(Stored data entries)
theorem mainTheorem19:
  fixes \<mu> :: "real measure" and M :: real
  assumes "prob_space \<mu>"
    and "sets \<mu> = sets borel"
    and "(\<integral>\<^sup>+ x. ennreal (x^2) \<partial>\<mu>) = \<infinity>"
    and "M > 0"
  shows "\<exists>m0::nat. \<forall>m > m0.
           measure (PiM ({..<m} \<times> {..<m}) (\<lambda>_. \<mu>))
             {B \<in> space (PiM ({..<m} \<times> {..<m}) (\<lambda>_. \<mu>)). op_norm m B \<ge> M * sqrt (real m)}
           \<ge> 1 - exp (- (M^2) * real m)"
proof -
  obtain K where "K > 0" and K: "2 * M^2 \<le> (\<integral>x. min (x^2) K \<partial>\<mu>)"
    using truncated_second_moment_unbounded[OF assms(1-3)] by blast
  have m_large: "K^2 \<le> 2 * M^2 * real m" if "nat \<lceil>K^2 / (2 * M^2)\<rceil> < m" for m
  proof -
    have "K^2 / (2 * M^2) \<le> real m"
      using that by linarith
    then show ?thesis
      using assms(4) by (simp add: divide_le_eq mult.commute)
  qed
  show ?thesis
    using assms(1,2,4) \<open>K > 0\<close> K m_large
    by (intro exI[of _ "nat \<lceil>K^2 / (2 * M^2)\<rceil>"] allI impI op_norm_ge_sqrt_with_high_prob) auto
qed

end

■ Task to carry out: State the number of lines in these entries that include the string "assms". Provide nothing beyond that number.

■ Response to this exercise: 3